Avant de parler du contenu du livre et ce qu'il pourrait apporter à notre labo « Pédagogie et Pratique », définissons la manière de procéder de Céline Alvarez qui n'est pas commune. Son approche de la pédagogie est en effet très scientifique. Alors que d'autres pourraient penser une nouvelle forme éducative à partir d'entretiens avec les parents ou les enfants, ou à partir d'écrits philosophiques, elle se base clairement sur la recherche et les écrits scientifiques, principalement en neurosciences ( l'étude de la structure et du fonctionnement cérébral ). Sa démarche pour développer ses propres idées est elle aussi très scientifique: son analyse est basée et argumentée sur le principe de l'expérience. Il pour nous alors très facile d'associer sa démarche à celle du docteur Maria Montessori, qui se base aussi sur son passé de médecin pour penser l'éducation, l'école nouvelle.

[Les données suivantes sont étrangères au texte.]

definition represents_cycle :: "nat \<Rightarrow> (nat \<Rightarrow> seg) \<Rightarrow> bool" where
  "represents_cycle n s \<longleftrightarrow>
     (\<forall>i<n. \<forall>j<n. i \<noteq> j \<longrightarrow>
        (seg_set (s i) \<inter> seg_set (s j) \<noteq> {} \<longleftrightarrow> cycle_adj n i j))"

definition cyc_arc :: "nat \<Rightarrow> nat \<Rightarrow> nat \<Rightarrow> nat set" where
  "cyc_arc n i k = {(i + t) mod n | t. t < k}"

definition is_cyc_arc :: "nat \<Rightarrow> nat set \<Rightarrow> bool" where
  "is_cyc_arc n A \<longleftrightarrow> (\<exists>i<n. \<exists>k. 1 \<le> k \<and> k \<le> n \<and> A = cyc_arc n i k)"

definition maximal_arc :: "nat \<Rightarrow> (nat \<Rightarrow> bool) \<Rightarrow> nat set \<Rightarrow> bool" where
  "maximal_arc n P A \<longleftrightarrow> is_cyc_arc n A \<and> (\<forall>i\<in>A. P i) \<and>
     \<not> (\<exists>B. is_cyc_arc n B \<and> (\<forall>i\<in>B. P i) \<and> A \<subset> B)"

definition interval_arc :: "real \<Rightarrow> real \<Rightarrow> nat \<Rightarrow> (nat \<Rightarrow> seg) \<Rightarrow> nat set \<Rightarrow> bool" where
  "interval_arc a b n s A \<longleftrightarrow> maximal_arc n (\<lambda>i. interval_seg a b (s i)) A"

definition permutation_arc :: "real \<Rightarrow> real \<Rightarrow> nat \<Rightarrow> (nat \<Rightarrow> seg) \<Rightarrow> nat set \<Rightarrow> bool" where
  "permutation_arc a b n s A \<longleftrightarrow> maximal_arc n (\<lambda>i. permutation_seg a b (s i)) A"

D'ailleurs, son influence sur Céline Alvarez est forte, cette dernière se positionne explicitement dans sa continuité.
Ce qu'il y a à noter pour notre étude de diplôme cette année, c'est que les sujets d'expérience ne sont pas les enfants en général, mais particulièrement la petite, voir la très petite enfance. Les enfants dont elle parle vont des nouveaux nés jusqu'aux enfants de 6 ans. Et elle parle de façon générale de leur capacité d'apprentissages, qui est le noyau de leur vie à cette âge.
Il est également bon de remarquer la posture de Céline Alvarez. Elle est très engagée. Elle ne cesse de répéter que ces préoccupations sont organiques pour elle, et qu'elles constituent son combat principal. Elle se positionne dans une volonté de révolution de l'éducation, et nous avons l'impression qu'elle se battra tout au long de sa vie pour cette cause. Et ce qui est le plus étonnant et intelligent, c'est qu'il découle de son style d'écriture et de sa façon de parler une grande positivité. Dans son livre, les superlatifs ne manquent pas, et sont parfois tellement présents qu'ils peuvent paraître superficiels. Il serait bon de compter combien de fois les mot « joie » et « amour » ont été écrit dans le livre. Et sur scène, son calme et son sourire nous berce et nous materne pour nous emmener avec beaucoup de finesse sur le champ de bataille de l'éducation.
Justement, quelles sont ses armes et sur quoi porte son propos ? Nous avons relevé trois entrées par lesquelles Céline Alvarez passe pour nous dire que l'école doit être repensée de fond en combles : L'environnement de l'enfant ( l'apprentissage par l'extérieur ), les lois naturelles de l'enfant ( l'apprentissage par l'intérieur ), et les outils utilisés.
L'environnement de l'enfantDans un premier temps, on nous dit que l'enfant, surtout à cet âge, est un véritable vampire dans son environnement. Il va s’imprégner de façon involontaire de tout ce qui l'entoure. Des informations sensorielles, des attitudes, des comportements... C'est pour cette raison qu'il faut que cet environnement soit le plus riche possible.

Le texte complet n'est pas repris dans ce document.